Las extrañas ponderaciones de Javier Milei, la referencia a Macri y el favor que recibió en Mendoza
Peinado menemista, un buzo deportivo bajo la campera de cuero. Informal y con una excentricidad que a esta altura está bien calculada. Javier Milei subió a una camioneta y luego a un escenario para hablar a unas 3 mil personas que, en tiempos de apatía política, parece una multitud. El líder libertario quiso hacer pie en Mendoza y por eso hizo una alegoría localista: hablar bien de José de San Martín, a quien igualmente relegó en el podio de los próceres: para el candidato a presidente Alberto Benegas Lynch (hijo) es el principal prócer de la historia.

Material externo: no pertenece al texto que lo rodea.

lemma diag_cover:
  fixes Tc :: "nat \<Rightarrow> 'a::real_vector \<Rightarrow> 'b::real_vector"
  assumes m: "1 \<le> m" and r: "0 < r" and q: "0 < q" and \<rho>: "0 \<le> \<rho>"
    and X: "\<And>i. i \<in> {1..m} \<Longrightarrow> quasi_normed (VX i) (NX i)"
    and Y: "\<And>i. i \<in> {1..m} \<Longrightarrow> quasi_normed (VY i) (NY i)"
    and T: "\<And>i. i \<in> {1..m} \<Longrightarrow> bounded_linear_op (VX i) (NX i) (VY i) (NY i) (Tc i)"
    and Cf_sub: "\<And>i k. i \<in> {1..m} \<Longrightarrow> k \<in> {1..m} \<Longrightarrow> Cf i k \<subseteq> VY i"
    and Cf_cover: "\<And>i k. i \<in> {1..m} \<Longrightarrow> k \<in> {1..m} \<Longrightarrow>
       Tc i ` {x\<in>VX i. NX i x \<le> 1}
         \<subseteq> (\<Union>c\<in>Cf i k. {y\<in>VY i. NY i (y - c) \<le> \<rho> * (real m / k) powr (1 / r - inv_exp q)})"
  shows "(\<lambda>x i. if i \<in> {1..m} then Tc i (x i) else 0) ` {x\<in>lp_carrier m VX. lp_qnorm (ereal r) m NX x \<le> 1}
           \<subseteq> (\<Union>c\<in>diag_centres m r Cf. {y\<in>lp_carrier m VY. lp_qnorm q m NY (y - c) \<le> \<rho> * 2 powr inv_exp q})"
proof clarify
  fix x assume xV: "x \<in> lp_carrier m VX" and x1: "lp_qnorm (ereal r) m NX x \<le> 1"
  have xi: "x i \<in> VX i" if "i \<in> {1..m}" for i using xV that by (simp add: lp_carrier_def)
  obtain s where s: "s \<in> level_tuples m"
    and x_le: "\<And>i. i \<in> {1..m} \<Longrightarrow> NX i (x i) \<le> (real (s i) / m) powr (1 / r)"
    using lp_unit_ball_level_tuple[OF r _ x1] quasi_normedD(2)[OF X xi] by metis
  have s1: "s i \<in> {1..m}" if "i \<in> {1..m}" for i by (rule level_tuples_range[OF s that])
  define t where "t i = (real (s i) / m) powr (1 / r)" for i
  have t0: "0 < t i" if "i \<in> {1..m}" for i using s1[OF that] by (simp add: t_def)
  \<comment> \<open>The choice of t makes the radius (m/s_i)^(1/p - 1/q) of the i-th cover collapse to (s_i/m)^(1/q).\<close>
  have radius: "t i * (\<rho> * (real m / s i) powr (1 / r - inv_exp q)) = \<rho> * (real (s i) / m) powr inv_exp q"
    if i: "i \<in> {1..m}" for i
    using s1[OF i] m by (simp add: t_def powr_diff powr_divide field_simps powr_add[symmetric])
  have "\<exists>c. c \<in> Cf i (s i) \<and> NY i (Tc i (x i) - t i *\<^sub>R c) \<le> \<rho> * (real (s i) / m) powr inv_exp q"
    if i: "i \<in> {1..m}" for i
    using scaled_cover[OF X[OF i] Y[OF i] T[OF i] Cf_sub[OF i s1[OF i]] Cf_cover[OF i s1[OF i]]
        xi[OF i] x_le[OF i, folded t_def] t0[OF i]] radius[OF i] by metis
  then obtain g where g: "\<And>i. i \<in> {1..m} \<Longrightarrow> g i \<in> Cf i (s i) \<and>
      NY i (Tc i (x i) - t i *\<^sub>R g i) \<le> \<rho> * (real (s i) / m) powr inv_exp q"
    by metis
  define c where "c = (\<lambda>i. if i \<in> {1..m} then t i *\<^sub>R g i else 0)"
  have "c \<in> diag_centres m r Cf"
    unfolding diag_centres_def using s g
    by (intro UN_I[of s] image_eqI[of _ _ "restrict g {1..m}"]) (auto simp: c_def t_def)
  moreover have "(\<lambda>i. if i \<in> {1..m} then Tc i (x i) else 0) \<in> lp_carrier m VY"
    using bounded_linear_opD(1)[OF T xi] by (simp add: lp_carrier_def)
  moreover have "lp_qnorm q m NY ((\<lambda>i. if i \<in> {1..m} then Tc i (x i) else 0) - c) \<le> \<rho> * 2 powr inv_exp q"
  proof (rule lp_qnorm_le_weighted[OF q m \<rho>, where w = "\<lambda>i. real (s i) / m"])
    fix i assume i: "i \<in> {1..m}"
    have "g i \<in> VY i" using Cf_sub[OF i s1[OF i]] g[OF i] by blast
    hence "Tc i (x i) - t i *\<^sub>R g i \<in> VY i"
      using quasi_normedD(1)[OF Y[OF i]] bounded_linear_opD(1)[OF T[OF i] xi[OF i]]
      by (intro subspace_diff subspace_scale)
    then show "0 \<le> NY i (((\<lambda>i. if i \<in> {1..m} then Tc i (x i) else 0) - c) i)"
      using quasi_normedD(2)[OF Y[OF i]] i by (simp add: c_def)
    show "NY i (((\<lambda>i. if i \<in> {1..m} then Tc i (x i) else 0) - c) i)
        \<le> \<rho> * (real (s i) / m) powr inv_exp q"
      using g[OF i] i by (simp add: c_def)
    show "0 < real (s i) / m" using s1[OF i] by simp
  next
    have "(\<Sum>i=1..m. real (s i) / m) = real (\<Sum>i=1..m. s i) / m"
      by (simp add: sum_divide_distrib)
    also have "\<dots> \<le> real (2 * m) / m"
      using s unfolding level_tuples_def by (intro divide_right_mono of_nat_mono) auto
    also have "\<dots> = 2" using m by simp
    finally show "(\<Sum>i=1..m. real (s i) / m) \<le> 2" .
  qed
  ultimately show "(\<lambda>i. if i \<in> {1..m} then Tc i (x i) else 0)
      \<in> (\<Union>c\<in>diag_centres m r Cf. {y\<in>lp_carrier m VY. lp_qnorm q m NY (y - c) \<le> \<rho> * 2 powr inv_exp q})"
    by blast
qed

La otra alegría fue más explícita y conocida: "sí se puede", coreaban Milei y sus seguidores. La referencia directa es a Mauricio Macri, el líder de la alianza entre el Pro y La Libertad Avanza.
Entre el público presente en calle Sarmiento y quienes lo escuchaban por redes y televisión, quizá era necesario googlear el nombre. Milei recitó los postulados del economista al que tiene como ídolo y que "lleva tatuados". Como si fuera Alfonsín recitando el preámbulo, el candidato dijo a los gritos algunas de las máximas de esa visión de la vida cotidiana. También pareció extraña para la mayoría de los centennials presentes la efeméride que el propio Milei festejó: la caída del muro de Berlín, ocurrida en noviembre de 1989 y que "aplastó a los socialistas", según el candidato.

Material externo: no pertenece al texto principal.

lemma hop_Un_left:
  assumes "hop (P \<union> R) i j C" "apart P R" "i \<in> P"
  shows "\<exists>P'. hop P i j P' \<and> C = P' \<union> R"
proof -
  obtain d where d: "d = 1 \<or> d = -1" "i + d \<in> P \<union> R" "i + 2*d \<notin> P \<union> R" "j = i + 2*d"
    and C: "C = (P \<union> R - {i, i + d}) \<union> {i + 2*d}"
    using assms(1) unfolding hop_def by blast
  have "i + d \<notin> R"
    using assms(2,3) d(1) unfolding apart_def by force
  with d have "i + d \<in> P" by blast
  have "i \<notin> R"
    using assms(2,3) apart_disjoint by blast
  show ?thesis
  proof (intro exI conjI)
    show "hop P i j (P - {i, i + d} \<union> {i + 2*d})"
      unfolding hop_def using d assms(3) \<open>i + d \<in> P\<close> by blast
    show "C = (P - {i, i + d} \<union> {i + 2*d}) \<union> R"
      unfolding C using \<open>i \<notin> R\<close> \<open>i + d \<notin> R\<close> by blast
  qed
qed

lemma hop_Un_cases:
  assumes "hop (P \<union> R) i j C" "apart P R"
  shows "(\<exists>P'. hop P i j P' \<and> C = P' \<union> R) \<or> (\<exists>R'. hop R i j R' \<and> C = P \<union> R')"
proof (cases "i \<in> P")
  case True
  then show ?thesis using hop_Un_left[OF assms] by blast
next
  case False
  with hop_mem[OF assms(1)] have "i \<in> R" by blast
  with assms hop_Un_left[of R P i j C] show ?thesis
    by (simp add: Un_commute apart_commute)
qed

lemma rtranclp_hop_step_Un:
  assumes "hop_step\<^sup>*\<^sup>* (P \<union> R) C" "confined P S" "confined R T" "apart S T"
  shows "\<exists>P' R'. hop_step\<^sup>*\<^sup>* P P' \<and> hop_step\<^sup>*\<^sup>* R R' \<and> C = P' \<union> R'"
  using assms(1)
proof (induction rule: rtranclp_induct)
  case (step C C')
  then obtain P' R' where P': "hop_step\<^sup>*\<^sup>* P P'" and R': "hop_step\<^sup>*\<^sup>* R R'"
    and C: "C = P' \<union> R'" by blast
  from \<open>hop_step C C'\<close> obtain i j where "hop (P' \<union> R') i j C'"
    unfolding C hop_step_def by blast
  moreover have "apart P' R'"
    using confined_apart confined_rtranclp P' R' assms(2-4) by blast
  ultimately consider P'' where "hop P' i j P''" "C' = P'' \<union> R'"
    | R'' where "hop R' i j R''" "C' = P' \<union> R''"
    using hop_Un_cases by blast
  then show ?case
    using P' R' by cases (metis hop_stepI rtranclp.rtrancl_into_rtrancl)+
qed blast

lemma confined_Un:
  assumes "confined P S" "confined R T" "apart S T"
  shows "confined (P \<union> R) (S \<union> T)"
  unfolding confined_def
proof (intro allI impI)
  fix C assume "hop_step\<^sup>*\<^sup>* (P \<union> R) C"
  then obtain P' R' where "hop_step\<^sup>*\<^sup>* P P'" "hop_step\<^sup>*\<^sup>* R R'" "C = P' \<union> R'"
    using rtranclp_hop_step_Un assms by blast
  then show "C \<subseteq> S \<union> T"
    using assms(1,2) unfolding confined_def by blast
qed

lemma hop_Un_confined:
  assumes "hop P i j P'" "confined P S" "confined R T" "apart S T"
  shows "hop (P \<union> R) i j (P' \<union> R)"
proof (rule hop_Un[OF assms(1)])
  show "P \<inter> R = {}" "P' \<inter> R = {}"
    using assms confined_hop confined_apart apart_disjoint by meson+
qed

Milei jugó de local, pues en Mendoza ganó en las dos elecciones y todo indica que tendrá un buen resultado. El hombre anti-casta estuvo en la sede partidaria del partido más tradicional de Mendoza, el PD, que tiene como líderes dirigentes de larguísima trayectoria.
En su brevísimo discurso Milei pidió fiscalizar para cuidar los votos y ganar. "Los votos están. Tenemos que fiscalizar", dijo. Al rival de Sergio Massa lo escucharon, pues recibirá el favor del radicalismo, que llamó a fiscalizar, triangulando la participación a través de un voluntariado que es promocionado hasta por la propia Junta Electoral.
Milei tendrá apoyos explícitos y otros culposos. En el oficialismo local ni Massa ni Milei caen bien. Pero saben que una presidencia del actual ministro de Economía podría resucitar con otras armas a la oposición del PJ. Massa es un malo conocido, Milei un desconocido que genera desconfianza.